WORK TASK: Please restate, exactly as written, the lines running from the beginning of the material through the line that has "real) \<Rightarrow> ((nat" in it.

DATA FOR THIS TASK:
-*-*-
(* There exists a constant $L>0$ depending only on $\eta$ such that the following holds. Let $\gamma=(\gamma_1,\dots,\gamma_N)$ with $\gamma_i\in[0,p_i]$ for all $i$, and suppose $$\sum_{i:\,p_i>0}\frac{\gamma_i^4}{p_i^2}\le\frac{L}{n^2}.$$ Then for every $\rho\le\|\gamma\|_t$ we have $R^*_\rho\ge\eta$.
   Context: Binomial model: $N\ge2$, $n\ge2$ even. For $q\in[0,1]^N$ one observes $X_1,\dots,X_n$ i.i.d. in $\{0,1\}^N$ with mutually independent coordinates $X_l(j)\sim\mathrm{Ber}(q_j)$; $\mathbb P_q$ is their joint law. $\|x\|_t=(\sum_j|x_j|^t)^{1/t}$, $t\in[1,2]$. Known $p\in[0,1]^N$ with $\max_jp_j\le1/2$; $\eta\in(0,1)$. For a test $\psi:(\{0,1\}^N)^n\to\{0,1\}$, $R_\rho(\psi)=\mathbb P_p(\psi=1)+\sup_{q\in[0,1]^N:\|p-q\|_t\ge\rho}\mathbb P_q(\psi=0)$, and $R^*_\rho=\inf_\psi R_\rho(\psi)$. *)

theory Defs
  imports "HOL-Analysis.Analysis"
begin

text \<open>Vectors in R^N are functions nat => real, only indices j < N matter.
  A sample (X_1,...,X_n) in ({0,1}^N)^n is a function X :: nat => nat => bool,
  X l j = coordinate j of observation l (l < n, j < N), False outside the range.\<close>

definition tnorm :: "nat \<Rightarrow> real \<Rightarrow> (nat \<Rightarrow> real) \<Rightarrow> real" where
  "tnorm N t x = (\<Sum>j<N. \<bar>x j\<bar> powr t) powr (1 / t)"

definition sample_space :: "nat \<Rightarrow> nat \<Rightarrow> (nat \<Rightarrow> nat \<Rightarrow> bool) set" where
  "sample_space N n = {X. \<forall>l j. (n \<le> l \<or> N \<le> j) \<longrightarrow> X l j = False}"

definition sample_prob :: "nat \<Rightarrow> nat \<Rightarrow> (nat \<Rightarrow> real) \<Rightarrow> (nat \<Rightarrow> nat \<Rightarrow> bool) \<Rightarrow> real" where
  "sample_prob N n q X = (\<Prod>l<n. \<Prod>j<N. if X l j then q j else 1 - q j)"

definition test_prob :: "nat \<Rightarrow> nat \<Rightarrow> (nat \<Rightarrow> real) \<Rightarrow> ((nat \<Rightarrow> nat \<Rightarrow> bool) \<Rightarrow> bool) \<Rightarrow> bool \<Rightarrow> real" where
  "test_prob N n q psi b = (\<Sum>X\<in>sample_space N n. if psi X = b then sample_prob N n q X else 0)"

definition risk :: "nat \<Rightarrow> nat \<Rightarrow> real \<Rightarrow> (nat \<Rightarrow> real) \<Rightarrow> real \<Rightarrow> ((nat \<Rightarrow> nat \<Rightarrow> bool) \<Rightarrow> bool) \<Rightarrow> real" where
  "risk N n t p \<rho> psi = test_prob N n p psi True
     + (SUP q\<in>{q. (\<forall>j<N. 0 \<le> q j \<and> q j \<le> 1) \<and> tnorm N t (\<lambda>j. p j - q j) \<ge> \<rho>}. test_prob N n q psi False)"

definition minimax_risk :: "nat \<Rightarrow> nat \<Rightarrow> real \<Rightarrow> (nat \<Rightarrow> real) \<Rightarrow> real \<Rightarrow> real" where
  "minimax_risk N n t p \<rho> = (INF psi. risk N n t p \<rho> psi)"

end

theory Submission
  imports Defs
begin

text \<open>Le Cam's two-point method with a mixture alternative. Average \<open>P\<^sub>q\<close> over the \<open>2\<^sup>N\<close>
  alternatives \<open>q = p \<plusminus> \<gamma>\<close> (independent random signs per coordinate); each lies at distance
  \<open>\<parallel>\<gamma>\<parallel>\<^sub>t\<close> from \<open>p\<close>. The risk of any test is at least \<open>1 - \<parallel>M - P\<^sub>p\<parallel>\<^sub>1\<close> for the mixture \<open>M\<close>,
  and the \<open>\<chi>\<^sup>2\<close>-divergence of \<open>M\<close> factorises over coordinates into
  \<open>\<Prod>\<^sub>j ((1 + a\<^sub>j)\<^sup>n + (1 - a\<^sub>j)\<^sup>n)/2 \<le> exp (\<Sum>\<^sub>j (n a\<^sub>j)\<^sup>2)\<close> with \<open>a\<^sub>j = \<gamma>\<^sub>j\<^sup>2 / (p\<^sub>j (1 - p\<^sub>j)) \<le> 2 \<gamma>\<^sub>j\<^sup>2 / p\<^sub>j\<close>.
  So the hypothesis makes the \<open>\<chi>\<^sup>2\<close>-divergence, hence the \<open>L\<^sup>1\<close> distance, small.\<close>

definition sample_of :: "nat \<Rightarrow> nat \<Rightarrow> (nat \<times> nat \<Rightarrow> bool) \<Rightarrow> nat \<Rightarrow> nat \<Rightarrow> bool" where
  "sample_of N n h = (\<lambda>l j. if l < n \<and> j < N then h (l, j) else False)"

lemma sample_space_eq_image:
  "sample_space N n = sample_of N n ` PiE ({..<n} \<times> {..<N}) (\<lambda>_. UNIV)"
proof (intro equalityI subsetI)
  fix X assume X: "X \<in> sample_space N n"
  let ?h = "restrict (\<lambda>(l, j). X l j) ({..<n} \<times> {..<N})"
  have "X = sample_of N n ?h"
    using X by (auto simp: sample_of_def sample_space_def fun_eq_iff)
  then show "X \<in> sample_of N n ` PiE ({..<n} \<times> {..<N}) (\<lambda>_. UNIV)" by force
qed (auto simp: sample_of_def sample_space_def)

lemma inj_on_sample_of: "inj_on (sample_of N n) (PiE ({..<n} \<times> {..<N}) (\<lambda>_. UNIV))"
proof (rule inj_onI)
  fix x y assume x: "x \<in> PiE ({..<n} \<times> {..<N}) (\<lambda>_. UNIV)"
    and y: "y \<in> PiE ({..<n} \<times> {..<N}) (\<lambda>_. UNIV)" and eq: "sample_of N n x = sample_of N n y"
  show "x = y"
  proof (rule PiE_ext[OF x y])
    fix i assume "i \<in> {..<n} \<times> {..<N}"
    then show "x i = y i"
      using fun_cong[OF fun_cong[OF eq, of "fst i"], of "snd i"] by (auto simp: sample_of_def)
  qed
qed

lemma finite_sample_space: "finite (sample_space N n)"
  by (simp add: sample_space_eq_image finite_PiE)

lemma sum_sample_space_prod:
  fixes f :: "nat \<Rightarrow> nat \<Rightarrow> bool \<Rightarrow> real"
  shows "(\<Sum>X\<in>sample_space N n. \<Prod>l<n. \<Prod>j<N. f l j (X l j))
       = (\<Prod>l<n. \<Prod>j<N. f l j True + f l j False)"
proof -
  let ?I = "{..<n} \<times> {..<N}"
  have "(\<Sum>X\<in>sample_space N n. \<Prod>l<n. \<Prod>j<N. f l j (X l j))
      = (\<Sum>h\<in>PiE ?I (\<lambda>_. UNIV). \<Prod>l<n. \<Prod>j<N. f l j (sample_of N n h l j))"
    unfolding sample_space_eq_image by (rule sum.reindex[OF inj_on_sample_of, unfolded comp_def])
  also have "\<dots> = (\<Sum>h\<in>PiE ?I (\<lambda>_. UNIV). \<Prod>x\<in>?I. f (fst x) (snd x) (h x))"
    by (intro sum.cong refl) (simp add: sample_of_def prod.cartesian_product case_prod_beta')
  also have "\<dots> = (\<Prod>x\<in>?I. \<Sum>b\<in>UNIV. f (fst x) (snd x) b)"
    by (rule prod_sum_PiE[symmetric]) auto
  also have "\<dots> = (\<Prod>l<n. \<Prod>j<N. f l j True + f l j False)"
    by (simp add: UNIV_bool add.commute prod.cartesian_product case_prod_beta')
  finally show ?thesis .
qed

lemma sum_sample_prob: "(\<Sum>X\<in>sample_space N n. sample_prob N n q X) = 1"
  unfolding sample_prob_def
  using sum_sample_space_prod[of "\<lambda>l j b. if b then q j else 1 - q j" N n] by simp

lemma sample_prob_nonneg: "\<forall>j<N. 0 \<le> q j \<and> q j \<le> 1 \<Longrightarrow> 0 \<le> sample_prob N n q X"
  unfolding sample_prob_def by (intro prod_nonneg) auto

lemma test_prob_False: "test_prob N n q psi False = 1 - test_prob N n q psi True"
proof -
  have "test_prob N n q psi False + test_prob N n q psi True
      = (\<Sum>X\<in>sample_space N n. sample_prob N n q X)"
    unfolding test_prob_def by (subst sum.distrib[symmetric]) (intro sum.cong refl, auto)
  then show ?thesis by (simp add: sum_sample_prob)
qed

lemma risk_ge_one_minus_mixture_dist:
  fixes Q :: "'e \<Rightarrow> nat \<Rightarrow> real"
  assumes "finite E" "E \<noteq> {}"
    and alternatives: "\<And>e. e \<in> E \<Longrightarrow> (\<forall>j<N. 0 \<le> Q e j \<and> Q e j \<le> 1) \<and> \<rho> \<le> tnorm N t (\<lambda>j. p j - Q e j)"
  shows "1 - (\<Sum>X\<in>sample_space N n.
            \<bar>(\<Sum>e\<in>E. sample_prob N n (Q e) X) / card E - sample_prob N n p X\<bar>) \<le> risk N n t p \<rho> psi"
proof -
  let ?S = "sample_space N n" and ?P = "sample_prob N n p"
  let ?M = "\<lambda>X. (\<Sum>e\<in>E. sample_prob N n (Q e) X) / card E"
  let ?A = "{q. (\<forall>j<N. 0 \<le> q j \<and> q j \<le> 1) \<and> tnorm N t (\<lambda>j. p j - q j) \<ge> \<rho>}"
  let ?f = "\<lambda>q. test_prob N n q psi False"
  have card: "0 < real (card E)" using assms by (simp add: card_gt_0_iff)
  have bdd: "bdd_above (?f ` ?A)"
  proof (rule bdd_aboveI2)
    fix q assume "q \<in> ?A"
    then have "?f q \<le> (\<Sum>X\<in>?S. sample_prob N n q X)"
      unfolding test_prob_def by (intro sum_mono) (auto intro: sample_prob_nonneg)
    then show "?f q \<le> 1" by (simp add: sum_sample_prob)
  qed
  have "(\<Sum>e\<in>E. ?f (Q e)) \<le> (\<Sum>e\<in>E. (SUP q\<in>?A. ?f q))"
    using alternatives by (intro sum_mono cSUP_upper bdd) auto
  then have sup: "(\<Sum>e\<in>E. ?f (Q e)) / card E \<le> (SUP q\<in>?A. ?f q)"
    using card by (simp add: pos_divide_le_eq mult.commute)
  have "(\<Sum>e\<in>E. ?f (Q e)) / card E = 1 - (\<Sum>e\<in>E. test_prob N n (Q e) psi True) / card E"
    using card by (simp add: test_prob_False sum_subtractf diff_divide_distrib)
  also have "(\<Sum>e\<in>E. test_prob N n (Q e) psi True) / card E = (\<Sum>X\<in>?S. if psi X then ?M X else 0)"
    unfolding test_prob_def sum_divide_distrib by (subst sum.swap) (intro sum.cong refl, auto)
  finally have avg: "(\<Sum>e\<in>E. ?f (Q e)) / card E = 1 - (\<Sum>X\<in>?S. if psi X then ?M X else 0)" .
  have "(\<Sum>X\<in>?S. if psi X then ?M X else 0) - test_prob N n p psi True
      = (\<Sum>X\<in>?S. if psi X then ?M X - ?P X else 0)"
    unfolding test_prob_def by (subst sum_subtractf[symmetric]) (intro sum.cong refl, auto)
  also have "\<dots> \<le> (\<Sum>X\<in>?S. \<bar>?M X - ?P X\<bar>)"
    by (intro sum_mono) auto
  finally show ?thesis
    using sup avg unfolding risk_def by linarith
qed

lemma abs_diff_le_chi_term:
  fixes x y c :: real
  assumes "0 \<le> y" "y = 0 \<Longrightarrow> x = 0" "0 < c"
  shows "\<bar>x - y\<bar> \<le> ((x ^ 2 / y - 2 * x + y) / c + c * y) / 2"
proof (cases "y = 0")
  case False
  then have y: "0 < y" using assms by auto
  have "0 \<le> (\<bar>x - y\<bar> - y * c) ^ 2" by simp
  then have "2 * \<bar>x - y\<bar> * (y * c) \<le> (x - y) ^ 2 + (y * c) ^ 2"
    by (simp add: power2_eq_square algebra_simps abs_mult_self_eq)
  moreover have "((x ^ 2 / y - 2 * x + y) / c + c * y) / 2 = ((x - y) ^ 2 + (y * c) ^ 2) / (2 * (y * c))"
    using y assms by (simp add: field_simps power2_eq_square)
  ultimately show ?thesis using y assms by (simp add: field_simps)
qed (use assms in simp)

lemma l1_dist_le_of_chi_square:
  fixes M P :: "'a \<Rightarrow> real"
  assumes "finite S" "0 < c"
    and P: "\<And>x. x \<in> S \<Longrightarrow> 0 \<le> P x" "sum P S = 1"
    and M: "\<And>x. x \<in> S \<Longrightarrow> P x = 0 \<Longrightarrow> M x = 0" "sum M S = 1"
    and chi: "(\<Sum>x\<in>S. M x ^ 2 / P x) \<le> 1 + c ^ 2"
  shows "(\<Sum>x\<in>S. \<bar>M x - P x\<bar>) \<le> c"
proof -
  have "(\<Sum>x\<in>S. \<bar>M x - P x\<bar>) \<le> (\<Sum>x\<in>S. ((M x ^ 2 / P x - 2 * M x + P x) / c + c * P x) / 2)"
    using assms by (intro sum_mono abs_diff_le_chi_term) auto
  also have "\<dots> = (\<Sum>x\<in>S. M x ^ 2 / P x * (1 / (2 * c)) - M x / c + P x * (1 / (2 * c) + c / 2))"
    using \<open>0 < c\<close> by (intro sum.cong refl) (simp add: field_simps)
  also have "\<dots> = (\<Sum>x\<in>S. M x ^ 2 / P x) / (2 * c) - sum M S / c + sum P S * (1 / (2 * c) + c / 2)"
    by (simp add: sum.distrib sum_subtractf sum_divide_distrib sum_distrib_right)
  also have "\<dots> = ((\<Sum>x\<in>S. M x ^ 2 / P x) - 1) / (2 * c) + c / 2"
    using P M \<open>0 < c\<close> by (simp add: field_simps)
  also have "\<dots> \<le> c ^ 2 / (2 * c) + c / 2"
    using chi \<open>0 < c\<close> by (intro add_right_mono divide_right_mono) auto
  also have "\<dots> = c" using \<open>0 < c\<close> by (simp add: power2_eq_square)
  finally show ?thesis .
qed

lemma bernoulli_chi_factor:
  fixes p g s s' :: real
  assumes "0 \<le> p" "p < 1" "p = 0 \<Longrightarrow> g = 0" "s = 1 \<or> s = -1" "s' = 1 \<or> s' = -1"
  shows "(p + s * g) * (p + s' * g) / p + (1 - (p + s * g)) * (1 - (p + s' * g)) / (1 - p)
       = 1 + s * s' * (g ^ 2 / (p * (1 - p)))"
proof (cases "p = 0")
  case False
  then have "0 < p" "0 < 1 - p" using assms by auto
  then show ?thesis by (simp add: field_simps power2_eq_square)
qed (use assms in simp)

lemma binomial_cosh_le:
  fixes a :: real
  assumes "0 \<le> a" "a \<le> 1" "real n * a \<le> 1"
  shows "((1 + a) ^ n + (1 - a) ^ n) / 2 \<le> 1 + (real n * a) ^ 2"
proof -
  define x where "x = real n * a"
  have x: "0 \<le> x" "x \<le> 1" using assms by (auto simp: x_def)
  have "(1 + a) ^ n \<le> exp a ^ n"
    by (rule power_mono) (use assms in \<open>auto simp: exp_ge_add_one_self add.commute\<close>)
  also have "\<dots> = exp x" by (simp add: x_def exp_of_nat_mult)
  also have "\<dots> \<le> 1 + x + x ^ 2" using exp_bound x by simp
  finally have plus: "(1 + a) ^ n \<le> 1 + x + x ^ 2" .
  have "(1 - a) ^ n \<le> exp (- a) ^ n"
    by (rule power_mono) (use assms exp_ge_add_one_self[of "- a"] in auto)
  also have "\<dots> = 1 / exp x" by (simp add: x_def exp_minus exp_of_nat_mult[symmetric] field_simps)
  also have "\<dots> \<le> 1 / (1 + x)"
    using x by (intro divide_left_mono) (auto simp: exp_ge_add_one_self add.commute intro: add_pos_nonneg)
  also have "\<dots> \<le> 1 - x + x ^ 2"
    using x by (simp add: field_simps power2_eq_square mult_nonneg_nonneg)
  finally have minus: "(1 - a) ^ n \<le> 1 - x + x ^ 2" .
  from plus minus show ?thesis by (simp add: x_def[symmetric])
qed

lemma bernoulli_chi_weight_sq_le:
  fixes p g :: real
  assumes "0 < p" "p \<le> 1 / 2"
  shows "(g ^ 2 / (p * (1 - p))) ^ 2 \<le> 4 * (g ^ 4 / p ^ 2)"
proof -
  have "0 \<le> p * (1 / 2 - p)" using assms by simp
  then have "p / 2 \<le> p * (1 - p)" by (simp add: algebra_simps)
  then have "(p / 2) ^ 2 \<le> (p * (1 - p)) ^ 2" using assms by (intro power_mono) auto
  then have "g ^ 4 / (p * (1 - p)) ^ 2 \<le> g ^ 4 / (p / 2) ^ 2"
    using assms by (intro divide_left_mono) auto
  then show ?thesis by (simp add: power_divide mult.commute flip: power_mult)
qed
-*-*-
EXERCISE SOLUTION:
(* There exists a constant $L>0$ depending only on $\eta$ such that the following holds. Let $\gamma=(\gamma_1,\dots,\gamma_N)$ with $\gamma_i\in[0,p_i]$ for all $i$, and suppose $$\sum_{i:\,p_i>0}\frac{\gamma_i^4}{p_i^2}\le\frac{L}{n^2}.$$ Then for every $\rho\le\|\gamma\|_t$ we have $R^*_\rho\ge\eta$.
   Context: Binomial model: $N\ge2$, $n\ge2$ even. For $q\in[0,1]^N$ one observes $X_1,\dots,X_n$ i.i.d. in $\{0,1\}^N$ with mutually independent coordinates $X_l(j)\sim\mathrm{Ber}(q_j)$; $\mathbb P_q$ is their joint law. $\|x\|_t=(\sum_j|x_j|^t)^{1/t}$, $t\in[1,2]$. Known $p\in[0,1]^N$ with $\max_jp_j\le1/2$; $\eta\in(0,1)$. For a test $\psi:(\{0,1\}^N)^n\to\{0,1\}$, $R_\rho(\psi)=\mathbb P_p(\psi=1)+\sup_{q\in[0,1]^N:\|p-q\|_t\ge\rho}\mathbb P_q(\psi=0)$, and $R^*_\rho=\inf_\psi R_\rho(\psi)$. *)

theory Defs
  imports "HOL-Analysis.Analysis"
begin

text \<open>Vectors in R^N are functions nat => real, only indices j < N matter.
  A sample (X_1,...,X_n) in ({0,1}^N)^n is a function X :: nat => nat => bool,
  X l j = coordinate j of observation l (l < n, j < N), False outside the range.\<close>

definition tnorm :: "nat \<Rightarrow> real \<Rightarrow> (nat \<Rightarrow> real) \<Rightarrow> real" where
  "tnorm N t x = (\<Sum>j<N. \<bar>x j\<bar> powr t) powr (1 / t)"

definition sample_space :: "nat \<Rightarrow> nat \<Rightarrow> (nat \<Rightarrow> nat \<Rightarrow> bool) set" where
  "sample_space N n = {X. \<forall>l j. (n \<le> l \<or> N \<le> j) \<longrightarrow> X l j = False}"

definition sample_prob :: "nat \<Rightarrow> nat \<Rightarrow> (nat \<Rightarrow> real) \<Rightarrow> (nat \<Rightarrow> nat \<Rightarrow> bool) \<Rightarrow> real" where
  "sample_prob N n q X = (\<Prod>l<n. \<Prod>j<N. if X l j then q j else 1 - q j)"

definition test_prob :: "nat \<Rightarrow> nat \<Rightarrow> (nat \<Rightarrow> real) \<Rightarrow> ((nat \<Rightarrow> nat \<Rightarrow> bool) \<Rightarrow> bool) \<Rightarrow> bool \<Rightarrow> real" where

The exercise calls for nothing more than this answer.